Are My ADHD Meds Working?

Frequently, I’m asked, “How do I know if my ADHD medications are working?” This is a fascinating question. I often find that people start taking meds with an expectation that they will magically become organized. Other times, it isn’t like a person is expecting to feel a buzz, but they do seem to expect to feel something cognitively. In excess, the meds can be noticeable. Some describe the experience as a calmness. In any event, you shouldn’t be feeling a buzz.

Furthermore, pills don’t teach the skills, so don’t expect to magically or instinctively become organized. In simple terms, ADHD stimulant medication helps a person sustain focus. In other words, maybe you could read only four of five pages of a book before starting to take meds. If after taking meds you can read three chapters, then you will know the meds are having an impact because you are able to sustain focus for a longer period of time.

Another thing to be mindful of when it comes to taking meds is the simple fact that the meds help you sustain focus, but they don’t tell you what to focus on. Knowing what to focus on is still a function of mindfulness. What I mean is that you should pause and pay attention to what you are attending to. Then question if it is the right thing for you to focus on or if you should be spending so much time focused on it. Alternatively, have the awareness to find a structure, person, or system that helps you determine what to attend to.

In short, pills don’t teach skills, so if you are feeling a buzz, there is a chance you are overmedicated. The litmus test is whether or not you are able to sustain focus on a task you couldn’t attend to before taking the meds or if you are able to sustain focus on a task for a longer period of time. If you can, then your meds are having an impact.

Jeff Copper, Attention and ADHD Coach

6 thoughts on “Are My ADHD Meds Working?

  1. Hi All! For me, the medication provides two distinct, important forms of support.

    There is the focus, which is allied with a sense of “mental energy”. Another way to phrase that is a feeling of sustained momentum, which is different but related to focus. I feel focused, and more able to keep going.

    The second support is conceptual; if I don’t get things done as planned, it is a huge improvement to know that tomorrow will bring a solid opportunity to follow up. Before medication, there was always a subtle, probably subconscious doubt of what I could achieve the next day. This was very undermining of long-term confidence and basic optimism. Now, I know there is help at hand!

  2. Jeff: In addition to studying ADHD and getting some coaching from you, I was taking bupropion (an antidepressant) for my ADHD–my MD recommended against stimulants as not medically appropriate for me.
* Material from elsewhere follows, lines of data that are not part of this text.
(* Let $C\in\mathbb{R}^{d\times d}$ be symmetric positive-definite, $\mu_0=\mathcal{N}(0,C)$, and let $\rho\colon\mathbb{R}^d\to(0,\infty)$ be measurable and bounded away from $0$ and from $\infty$ on every compact subset of $\mathbb{R}^d$. Let $E$ be the transition kernel of elliptical slice sampling for $(\rho,\mu_0)$. Then for every compact set $G\subset\mathbb{R}^d$ there is a constant $\varepsilon>0$ such that $$E(x,A)\ge\varepsilon\,\lambda_G(A)\qquad\text{for all }x\in G\text{ and all Borel }A\subseteq\mathbb{R}^d,$$ where $\lambda_G$ is $d$-dimensional Lebesgue measure restricted to $G$; that is, $G$ is a small set for $E$ with respect to the measure $\varepsilon\lambda_G$.
   Context: For $t\ge0$, $G_t=\{x\in\mathbb{R}^d:\rho(x)\ge t\}$. Let $p(x,w,\theta)=\cos(\theta)x+\sin(\theta)w$. Elliptical slice sampling performs one transition from $x$ as follows: draw $w\sim\mu_0$; draw $t\sim\mathcal{U}[0,\rho(x)]$; draw $\theta\sim\mathcal{U}[0,2\pi]$ and set $\theta_{\min}=\theta-2\pi$, $\theta_{\max}=\theta$; while $p(x,w,\theta)\notin G_t$: if $\theta<0$ set $\theta_{\min}=\theta$, else set $\theta_{\max}=\theta$, and draw a new $\theta\sim\mathcal{U}[\theta_{\min},\theta_{\max}]$; output $y=p(x,w,\theta)$. All draws are independent; $E(x,A)$ is the probability that the output lies in $A$. A set $S$ is small w.r.t. a kernel $P$ and a measure $\nu$ if $P(x,A)\ge\nu(A)$ for all $x\in S$ and Borel $A$. *)

theory Defs
  imports "HOL-Probability.Probability"
begin

text \<open>Points of R^d are vectors of type real^'d (d = CARD('d)).\<close>

definition sym_pos_def_mat :: "real^'d^'d \<Rightarrow> bool" where
  "sym_pos_def_mat C \<longleftrightarrow> transpose C = C \<and> (\<forall>v. v \<noteq> 0 \<longrightarrow> v \<bullet> (C *v v) > 0)"

definition gauss_density :: "real^'d^'d \<Rightarrow> real^'d \<Rightarrow> real" where
  "gauss_density C x =
     (2 * pi) powr (- real CARD('d) / 2) * (det C) powr (- 1 / 2)
       * exp (- (x \<bullet> (matrix_inv C *v x)) / 2)"

definition gauss_measure :: "real^'d^'d \<Rightarrow> (real^'d) measure" where
  "gauss_measure C = density lborel (\<lambda>x. ennreal (gauss_density C x))"

definition U01 :: "real measure" where
  "U01 = uniform_measure lborel {0..1}"

definition ess_p :: "real^'d \<Rightarrow> real^'d \<Rightarrow> real \<Rightarrow> real^'d" where
  "ess_p x w \<theta> = cos \<theta> *\<^sub>R x + sin \<theta> *\<^sub>R w"

definition level_set :: "(real^'d \<Rightarrow> real) \<Rightarrow> real \<Rightarrow> (real^'d) set" where
  "level_set \<rho> t = {x. \<rho> x \<ge> t}"

text \<open>Randomness of one ESS transition: w ~ mu0, v ~ U[0,1] (so t = rho(x) v ~ U[0,rho(x)]),
  and an i.i.d. sequence u_0, u_1, ... ~ U[0,1] driving the angle draws.
  theta_0 = 2 pi u_0 ~ U[0,2pi]; a fresh draw theta ~ U[lo,hi] is lo + (hi - lo) u_{k+1}.\<close>
definition ess_space :: "real^'d^'d \<Rightarrow> ((real^'d) \<times> real \<times> (nat \<Rightarrow> real)) measure" where
  "ess_space C = gauss_measure C \<Otimes>\<^sub>M (U01 \<Otimes>\<^sub>M (\<Pi>\<^sub>M k\<in>(UNIV::nat set). U01))"

fun ess_state :: "(nat \<Rightarrow> real) \<Rightarrow> nat \<Rightarrow> real \<times> real \<times> real" where
  "ess_state u 0 = (2 * pi * u 0, 2 * pi * u 0 - 2 * pi, 2 * pi * u 0)"
| "ess_state u (Suc k) =
     (let (\<theta>, lo, hi) = ess_state u k;
          lo' = (if \<theta> < 0 then \<theta> else lo);
          hi' = (if \<theta> < 0 then hi else \<theta>)
      in (lo' + (hi' - lo') * u (Suc k), lo', hi'))"

definition ess_theta :: "(nat \<Rightarrow> real) \<Rightarrow> nat \<Rightarrow> real" where
  "ess_theta u k = fst (ess_state u k)"

definition ess_hit :: "(real^'d \<Rightarrow> real) \<Rightarrow> real^'d \<Rightarrow> (real^'d) \<times> real \<times> (nat \<Rightarrow> real) \<Rightarrow> nat \<Rightarrow> bool" where
  "ess_hit \<rho> x \<omega> k = (case \<omega> of (w, v, u) \<Rightarrow>
      ess_p x w (ess_theta u k) \<in> level_set \<rho> (\<rho> x * v))"

definition ess_output :: "(real^'d \<Rightarrow> real) \<Rightarrow> real^'d \<Rightarrow> (real^'d) \<times> real \<times> (nat \<Rightarrow> real) \<Rightarrow> real^'d" where
  "ess_output \<rho> x \<omega> = (case \<omega> of (w, v, u) \<Rightarrow>
      ess_p x w (ess_theta u (LEAST k. ess_hit \<rho> x \<omega> k)))"

text \<open>Transition kernel E(x,A): probability that the loop terminates and the output lies in A
  (the loop terminates almost surely, so this is the probability that the output lies in A).\<close>
definition ess_kernel :: "real^'d^'d \<Rightarrow> (real^'d \<Rightarrow> real) \<Rightarrow> real^'d \<Rightarrow> (real^'d) set \<Rightarrow> real" where
  "ess_kernel C \<rho> x A =
     measure (ess_space C) {\<omega> \<in> space (ess_space C).
        (\<exists>k. ess_hit \<rho> x \<omega> k) \<and> ess_output \<rho> x \<omega> \<in> A}"

end

theory Submission
  imports Defs
begin

(* The bound comes from the event that the very first proposal of the shrinkage loop is
   accepted.  On the compact set G we have a \<le> \<rho> \<le> b, so if the slice level t = \<rho>(x) v
   satisfies v \<le> a / b, every proposal landing in G is accepted.  If moreover the first
   angle lies in [\<pi>/6, 5\<pi>/6] (probability 1/3), the proposal w \<mapsto> cos \<theta> x + sin \<theta> w is an
   affine map with ratio sin \<theta> \<in> [1/2, 1]: the preimage of A \<inter> G has Lebesgue measure at
   least that of A \<inter> G and lies in a fixed ball, on which the Gaussian density is bounded
   below by some \<delta> > 0.  Integrating over (v, \<theta>) gives E(x, A) \<ge> \<delta> (a / b) / 3 \<cdot> \<lambda>(A \<inter> G). *)

lemma matrix_inv_invertible:
  fixes A :: "'a::semiring_1^'n^'n"
  assumes "invertible A"
  shows "A ** matrix_inv A = mat 1" "matrix_inv A ** A = mat 1"
proof -
  have "A ** matrix_inv A = mat 1 \<and> matrix_inv A ** A = mat 1"
    using assms unfolding invertible_def matrix_inv_def by (rule someI_ex)
  then show "A ** matrix_inv A = mat 1" "matrix_inv A ** A = mat 1" by auto
qed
I also started meditating on a daily basis. I was never really sure how well the bupropion was working, but I have found that meditation has been very effective, and so I recently stopped my medication. Since then, as one illustration of how meditation seems more effective for me than medication, I sometimes count my breaths during meditation. When I started, I quickly lost count within a few seconds because of distractedness. Today I went for about two minutes without losing count before moving on to another exercise.
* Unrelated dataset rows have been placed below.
section \<open>Factorisation\<close>

lemma zorder_reflect_balance:
  assumes F: "F holomorphic_on ball 0 1" and G: "G holomorphic_on ball 0 1"
    and w1: "w1 \<in> ball 0 1" "F w1 \<noteq> 0" and w2: "w2 \<in> ball 0 1" "G w2 \<noteq> 0"
    and FG: "\<And>z. z \<in> ball 0 1 \<Longrightarrow> F z * reflect F z = G z * reflect G z"
    and z: "z \<in> ball 0 1"
  shows "zorder F z + zorder F (cnj z) = zorder G z + zorder G (cnj z)"
proof -
  have zorder_mult_reflect: "zorder (\<lambda>x. H x * reflect H x) z = zorder H z + zorder H (cnj z)"
    if "H holomorphic_on ball 0 1" "w \<in> ball 0 1" "H w \<noteq> 0" for H w
    using that z zorder_reflect[OF that(1) open_ball connected_ball _ that(2,3), of z]
    by (subst zorder_mult_holomorphic[of H "ball 0 1" "reflect H" z w "cnj w"])
       (auto simp: reflect_def intro: holomorphic_intros)
  have "eventually (\<lambda>x. x \<in> ball 0 1) (at z)"
    using z by (intro eventually_at_in_open') auto
  hence "zorder (\<lambda>x. F x * reflect F x) z = zorder (\<lambda>x. G x * reflect G x) z"
    by (intro zorder_cong) (auto elim!: eventually_mono simp: FG)
  thus ?thesis
    using zorder_mult_reflect[OF F w1] zorder_mult_reflect[OF G w2] by simp
qed

text \<open>Since \<open>ord\<^sub>F + ord\<^sub>F \<circ> cnj = ord\<^sub>G + ord\<^sub>G \<circ> cnj\<close>, the divisors
  \<open>U = min ord\<^sub>F ord\<^sub>G\<close> and \<open>V = (ord\<^sub>F - ord\<^sub>G)\<^sup>+\<close> satisfy \<open>ord\<^sub>F = U + V\<close> and
  \<open>ord\<^sub>G = U + V \<circ> cnj\<close>.\<close>

lemma reflect_divisor_split:
  assumes F: "F holomorphic_on ball 0 1" and G: "G holomorphic_on ball 0 1"
    and w1: "w1 \<in> ball 0 1" "F w1 \<noteq> 0" and w2: "w2 \<in> ball 0 1" "G w2 \<noteq> 0"
    and FG: "\<And>z. z \<in> ball 0 1 \<Longrightarrow> F z * reflect F z = G z * reflect G z"
  obtains u0 v0 where "u0 holomorphic_on ball 0 1" "v0 holomorphic_on ball 0 1" "u0 w1 \<noteq> 0" "v0 w1 \<noteq> 0"
    "\<And>z. z \<in> ball 0 1 \<Longrightarrow> zorder (\<lambda>x. u0 x * v0 x) z = zorder F z"
    "\<And>z. z \<in> ball 0 1 \<Longrightarrow> zorder (\<lambda>x. u0 x * reflect v0 x) z = zorder G z"
proof -
  have nonneg: "zorder F z \<ge> 0" "zorder G z \<ge> 0" if "z \<in> ball 0 1" for z
    using zorder_nonneg_holomorphic[OF F open_ball connected_ball that w1]
      zorder_nonneg_holomorphic[OF G open_ball connected_ball that w2] by auto
  define du where "du z = nat (min (zorder F z) (zorder G z))" for z
  define dv where "dv z = nat (zorder F z - zorder G z)" for z
  have F_zero: "F z = 0" if "z \<in> ball 0 1" "du z > 0 \<or> dv z > 0" for z
    using that nonneg[OF that(1)] zorder_pos_iff_holomorphic[OF F open_ball connected_ball that(1) w1]
    by (auto simp: du_def dv_def)
  obtain u0 where u0: "u0 holomorphic_on ball 0 1" "\<And>z. z \<in> ball 0 1 \<Longrightarrow> zorder u0 z = du z"
      "\<And>z. z \<in> ball 0 1 \<Longrightarrow> u0 z = 0 \<longleftrightarrow> du z > 0"
    using disc_holomorphic_with_zorder_at_zeros[OF F w1, of du] F_zero by blast
  obtain v0 where v0: "v0 holomorphic_on ball 0 1" "\<And>z. z \<in> ball 0 1 \<Longrightarrow> zorder v0 z = dv z"
      "\<And>z. z \<in> ball 0 1 \<Longrightarrow> v0 z = 0 \<longleftrightarrow> dv z > 0"
    using disc_holomorphic_with_zorder_at_zeros[OF F w1, of dv] F_zero by blast
  have "zorder F w1 = 0"
    using nonneg(1)[OF w1(1)] zorder_pos_iff_holomorphic[OF F open_ball connected_ball w1(1) w1] w1(2) by simp
  hence nonzero: "u0 w1 \<noteq> 0" "v0 w1 \<noteq> 0" "cnj w1 \<in> ball 0 1" "reflect v0 (cnj w1) \<noteq> 0"
    using u0(3)[OF w1(1)] v0(3)[OF w1(1)] nonneg(2)[OF w1(1)] w1(1) by (auto simp: du_def dv_def reflect_def)
  show ?thesis
  proof (rule that[OF u0(1) v0(1) nonzero(1,2)])
    fix z :: complex assume z: "z \<in> ball 0 1"
    show "zorder (\<lambda>x. u0 x * v0 x) z = zorder F z"
      using zorder_mult_holomorphic[OF u0(1) v0(1) open_ball connected_ball z w1(1) nonzero(1) w1(1) nonzero(2)]
        u0(2)[OF z] v0(2)[OF z] nonneg[OF z] by (simp add: du_def dv_def)
    have "cnj z \<in> ball 0 1"
      using z by simp
    hence "zorder (reflect v0) z = dv (cnj z)"
      using zorder_reflect[OF v0(1) open_ball connected_ball _ w1(1) nonzero(2)] v0(2)[of "cnj z"] by simp
    thus "zorder (\<lambda>x. u0 x * reflect v0 x) z = zorder G z"
      using zorder_mult_holomorphic[OF u0(1) holomorphic_on_reflect[OF v0(1)] open_ball connected_ball z
          w1(1) nonzero(1) nonzero(3,4)]
        u0(2)[OF z] nonneg[OF z] nonneg[OF \<open>cnj z \<in> ball 0 1\<close>] zorder_reflect_balance[OF F G w1 w2 FG z]
      by (simp add: du_def dv_def)
  qed
qed

lemma reflect_zero_free_factorization:
  assumes F: "F holomorphic_on ball 0 1" and G: "G holomorphic_on ball 0 1"
    and w1: "w1 \<in> ball 0 1" "F w1 \<noteq> 0" and w2: "w2 \<in> ball 0 1" "G w2 \<noteq> 0"
    and FG: "\<And>z. z \<in> ball 0 1 \<Longrightarrow> F z * reflect F z = G z * reflect G z"
  obtains u0 v0 h k where
    "u0 holomorphic_on ball 0 1" "v0 holomorphic_on ball 0 1" "h holomorphic_on ball 0 1" "k holomorphic_on ball 0 1"
    "\<And>z. z \<in> ball 0 1 \<Longrightarrow> h z \<noteq> 0" "\<And>z. z \<in> ball 0 1 \<Longrightarrow> k z \<noteq> 0"
    "\<And>z. z \<in> ball 0 1 \<Longrightarrow> F z = h z * (u0 z * v0 z)"
    "\<And>z. z \<in> ball 0 1 \<Longrightarrow> G z = k z * (u0 z * reflect v0 z)"
proof -
  obtain u0 v0 where u0: "u0 holomorphic_on ball 0 1" and v0: "v0 holomorphic_on ball 0 1"
    and nonzero: "u0 w1 \<noteq> 0" "v0 w1 \<noteq> 0"
    and zorder_F: "\<And>z. z \<in> ball 0 1 \<Longrightarrow> zorder (\<lambda>x. u0 x * v0 x) z = zorder F z"
    and zorder_G: "\<And>z. z \<in> ball 0 1 \<Longrightarrow> zorder (\<lambda>x. u0 x * reflect v0 x) z = zorder G z"
    using reflect_divisor_split[OF F G w1 w2 FG] by blast
  have uv: "(\<lambda>z. u0 z * v0 z) holomorphic_on ball 0 1" "u0 w1 * v0 w1 \<noteq> 0"
    using u0 v0 nonzero by (auto intro: holomorphic_intros)
  obtain h where h: "h holomorphic_on ball 0 1" "\<And>z. z \<in> ball 0 1 \<Longrightarrow> h z \<noteq> 0"
    "\<And>z. z \<in> ball 0 1 \<Longrightarrow> F z = h z * (u0 z * v0 z)"
    using holomorphic_factor_by_zorder[OF uv(1) F open_ball connected_ball w1(1) uv(2) w1 zorder_F] by blast
  have cnj_w1: "cnj w1 \<in> ball 0 1" "reflect v0 (cnj w1) \<noteq> 0"
    using w1(1) nonzero(2) by (auto simp: reflect_def)
  obtain w3 where w3: "w3 \<in> ball 0 1" "u0 w3 * reflect v0 w3 \<noteq> 0"
    by (fact holomorphic_mult_not_identically_0[OF u0 holomorphic_on_reflect[OF v0]
        open_ball connected_ball w1(1) nonzero(1) cnj_w1])
  have uv': "(\<lambda>z. u0 z * reflect v0 z) holomorphic_on ball 0 1"
    using u0 v0 by (auto intro: holomorphic_intros)
  obtain k where k: "k holomorphic_on ball 0 1" "\<And>z. z \<in> ball 0 1 \<Longrightarrow> k z \<noteq> 0"
    "\<And>z. z \<in> ball 0 1 \<Longrightarrow> G z = k z * (u0 z * reflect v0 z)"
    using holomorphic_factor_by_zorder[OF uv' G open_ball connected_ball w3 w2 zorder_G] by blast
  show ?thesis
    by (rule that[OF u0 v0 h(1) k(1) h(2) k(2) h(3) k(3)])
qed

lemma mult_reflect_cancel:
  assumes F: "F holomorphic_on ball 0 1" "w \<in> ball 0 1" "F w \<noteq> 0"
    and ab: "a holomorphic_on ball 0 1" "b holomorphic_on ball 0 1"
    and eq: "\<And>x. x \<in> ball 0 1 \<Longrightarrow> a x * (F x * reflect F x) = b x * (F x * reflect F x)"
    and z: "z \<in> ball 0 1"
  shows "a z = b z"
proof -
  have "cnj w \<in> ball 0 1" "reflect F (cnj w) \<noteq> 0"
    using F(2,3) by (auto simp: reflect_def)
  then obtain w' where w': "w' \<in> ball 0 1" "F w' * reflect F w' \<noteq> 0"
    by (rule holomorphic_mult_not_identically_0[OF F(1) holomorphic_on_reflect[OF F(1)]
        open_ball connected_ball F(2,3)])
  have "a z - b z = 0"
  proof (rule holomorphic_eq_0_if_mult_eq_0[of "\<lambda>x. a x - b x" "ball 0 1" "\<lambda>x. F x * reflect F x" w' z])
    show "(a x - b x) * (F x * reflect F x) = 0" if "x \<in> ball 0 1" for x
      using eq[OF that] by (simp add: left_diff_distrib)
  qed (use ab F w' z in \<open>auto intro!: holomorphic_intros\<close>)
  thus ?thesis
    by simp
qed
    1. “Booya! I loved how you shared your experience meditating… counting your breaths. In my world I translate it as you are practicing using meditation as an exercise… like an athlete does exercises to practice developing a skill. The more you practice the better you get… up to 2 minutes! Love it!

  3. This is concise and very helpful. It is so true that increased focus is just one piece of the puzzle. Mindfulness, self analysis and systems complete the picture of a better functioning life.
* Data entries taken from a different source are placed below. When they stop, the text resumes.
(* Let $(X,d)$ be a compact metric space and $f:X\to X$ continuous. For each $\delta>0$ let $\mathcal D(\delta)=\{D_{i,j}:1\le i\le K,\ 0\le j\le m_i-1\}$ be a family of pairwise disjoint subsets of $CR(f)$ (with $K,m_i$ depending on $\delta$) satisfying: (D1) $CR(f)=\bigsqcup_{i,j}D_{i,j}$ and each $D_{i,j}$ is clopen in $CR(f)$; (D2) setting $D_{i,m_i}=D_{i,0}$, $f(D_{i,j})=D_{i,j+1}$ for all $i,j$; (D3) for any $x,y\in D_{i,j}$ there is $N>0$ such that for every integer $n\ge N$ there is a $\delta$-chain $(x_\eta)_{\eta=0}^k$ of $f$ in $CR(f)$ with $x_0=x$, $x_k=y$ and $k=m_in$. Then for any $x,y\in CR(f)$, $x\sim y$ if and only if for every $\delta>0$, $x$ and $y$ belong to the same member of $\mathcal D(\delta)$.
   Context: For $\delta>0$, a finite sequence $(x_i)_{i=0}^k$ ($k\ge1$) is a $\delta$-chain of $f$ if $d(f(x_i),x_{i+1})\le\delta$ for $0\le i\le k-1$; it is a $\delta$-cycle if moreover $x_0=x_k$. $CR(f)$ is the set of points $x$ such that for every $\delta>0$ there is a $\delta$-cycle starting and ending at $x$. For $x,y\in CR(f)$, $x\sim y$ iff for every $\delta>0$ there are integers $m>0$, $N>0$ such that for every integer $n\ge N$ there are $\delta$-chains $(x_i)_{i=0}^{mn},(y_i)_{i=0}^{mn}$ of $f$ consisting of points of $CR(f)$ with $x_0=y_{mn}=x$ and $x_{mn}=y_0=y$. (Families satisfying (D1)–(D3) exist for every $\delta>0$.) *)

theory Defs
  imports "HOL-Analysis.Analysis"
begin

text \<open>The compact metric space X is a compact subset S of a metric type; f maps S into S.\<close>

definition dchain :: "('a::metric_space \<Rightarrow> 'a) \<Rightarrow> real \<Rightarrow> 'a set \<Rightarrow> (nat \<Rightarrow> 'a) \<Rightarrow> nat \<Rightarrow> bool" where
  "dchain f \<delta> A c k \<longleftrightarrow> k \<ge> 1 \<and> (\<forall>i\<le>k. c i \<in> A) \<and> (\<forall>i<k. dist (f (c i)) (c (Suc i)) \<le> \<delta>)"

definition CR :: "'a::metric_space set \<Rightarrow> ('a \<Rightarrow> 'a) \<Rightarrow> 'a set" where
  "CR S f = {x \<in> S. \<forall>\<delta>>0. \<exists>c k. dchain f \<delta> S c k \<and> c 0 = x \<and> c k = x}"

definition cr_equiv :: "'a::metric_space set \<Rightarrow> ('a \<Rightarrow> 'a) \<Rightarrow> 'a \<Rightarrow> 'a \<Rightarrow> bool" where
  "cr_equiv S f x y \<longleftrightarrow> x \<in> CR S f \<and> y \<in> CR S f \<and>
     (\<forall>\<delta>>0. \<exists>m>0. \<exists>N>0. \<forall>n\<ge>N. \<exists>cx cy.
        dchain f \<delta> (CR S f) cx (m * n) \<and> dchain f \<delta> (CR S f) cy (m * n) \<and>
        cx 0 = x \<and> cx (m * n) = y \<and> cy 0 = y \<and> cy (m * n) = x)"

end

theory Submission
  imports Defs
begin

text \<open>Fix \<open>\<delta>\<close> and the member \<open>D\<^sub>i\<^sub>,\<^sub>j\<close> containing \<open>x\<close>. The sets \<open>D\<^sub>i\<^sub>,\<^sub>0, \<dots>, D\<^sub>i\<^sub>,\<^sub>m\<^sub>i\<^sub>-\<^sub>1\<close> are
  clopen in the compact set \<open>CR(f)\<close>, hence uniformly separated, so an \<open>\<epsilon>\<close>-chain in \<open>CR(f)\<close>
  with \<open>\<epsilon>\<close> small cannot leave the cycle and must follow \<open>f(D\<^sub>i\<^sub>,\<^sub>j) = D\<^sub>i\<^sub>,\<^sub>j\<^sub>+\<^sub>1\<close>. If \<open>x \<sim> y\<close>,
  there is such a chain from \<open>x\<close> to \<open>y\<close> whose length is a multiple of \<open>m\<^sub>i\<close>, so it ends in
  \<open>D\<^sub>i\<^sub>,\<^sub>j\<close>. Conversely, (D3) applied in both directions yields the chains required by \<open>\<sim>\<close>
  with period \<open>m\<^sub>i\<close>.\<close>

lemma clopenin_uniform_nbhd:
  fixes T C :: "'a::metric_space set"
  assumes "compact T" and "openin (top_of_set T) C" and "closedin (top_of_set T) C"
  shows "\<exists>\<epsilon>>0. \<forall>a\<in>C. \<forall>b\<in>T. dist a b \<le> \<epsilon> \<longrightarrow> b \<in> C"
proof (cases "C = {} \<or> T - C = {}")
  case False
  have "closedin (top_of_set T) (T - C)"
    using assms(2) by (metis closedin_diff closedin_topspace topspace_euclidean_subtopology)
  with assms have "compact C" "compact (T - C)"
    by (simp_all add: closedin_compact_eq)
  then have "setdist C (T - C) > 0"
    using False setdist_gt_0_compact_closed compact_imp_closed by blast
  moreover have "b \<in> C" if "a \<in> C" "b \<in> T" "dist a b \<le> setdist C (T - C) / 2" for a b
    using that setdist_le_dist[of a C b "T - C"] \<open>setdist C (T - C) > 0\<close> by force
  ultimately show ?thesis
    by (metis half_gt_zero)
qed (use zero_less_one in blast)

lemma clopenin_family_uniform_nbhd:
  fixes T :: "'a::metric_space set" and E :: "nat \<Rightarrow> 'a set"
  assumes "compact T"
    and "\<And>j. j < M \<Longrightarrow> openin (top_of_set T) (E j) \<and> closedin (top_of_set T) (E j)"
  shows "\<exists>\<epsilon>>0. \<forall>j<M. \<forall>a\<in>E j. \<forall>b\<in>T. dist a b \<le> \<epsilon> \<longrightarrow> b \<in> E j"
  using assms(2)
proof (induction M)
  case (Suc M)
  obtain \<epsilon> where "\<epsilon> > 0" and \<epsilon>: "\<forall>j<M. \<forall>a\<in>E j. \<forall>b\<in>T. dist a b \<le> \<epsilon> \<longrightarrow> b \<in> E j"
    using Suc by auto
  obtain \<epsilon>' where "\<epsilon>' > 0" and \<epsilon>': "\<forall>a\<in>E M. \<forall>b\<in>T. dist a b \<le> \<epsilon>' \<longrightarrow> b \<in> E M"
    using clopenin_uniform_nbhd[OF \<open>compact T\<close>] Suc.prems by blast
  have "\<forall>j<Suc M. \<forall>a\<in>E j. \<forall>b\<in>T. dist a b \<le> min \<epsilon> \<epsilon>' \<longrightarrow> b \<in> E j"
    using \<epsilon> \<epsilon>' by (auto simp: less_Suc_eq)
  moreover have "min \<epsilon> \<epsilon>' > 0"
    using \<open>\<epsilon> > 0\<close> \<open>\<epsilon>' > 0\<close> by simp
  ultimately show ?case
    by blast
qed (use zero_less_one in blast)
    Just a couple of weeks ago in a meeting with my supervisor, I was able to articulate where I get off track with completing important tasks and together we came up with a simple list to help me prevent that.

    The meds help me look objectively at my own behavior and thought patterns.
    They also enable me to focus on my list and not feel overwhelmed or mentally tired from my work. But without the list itself, I’d be far less efficient.

    1. Thanks for your post. Well articulated. For many, the meds help them sustain focus. The meds don’t get you organized and they don’t tell you what to focus on… they just help you sustain focus. Further, they help but don’t resolve working memory issues. In the end, I’m thrilled that they help you PAUSE and get on track!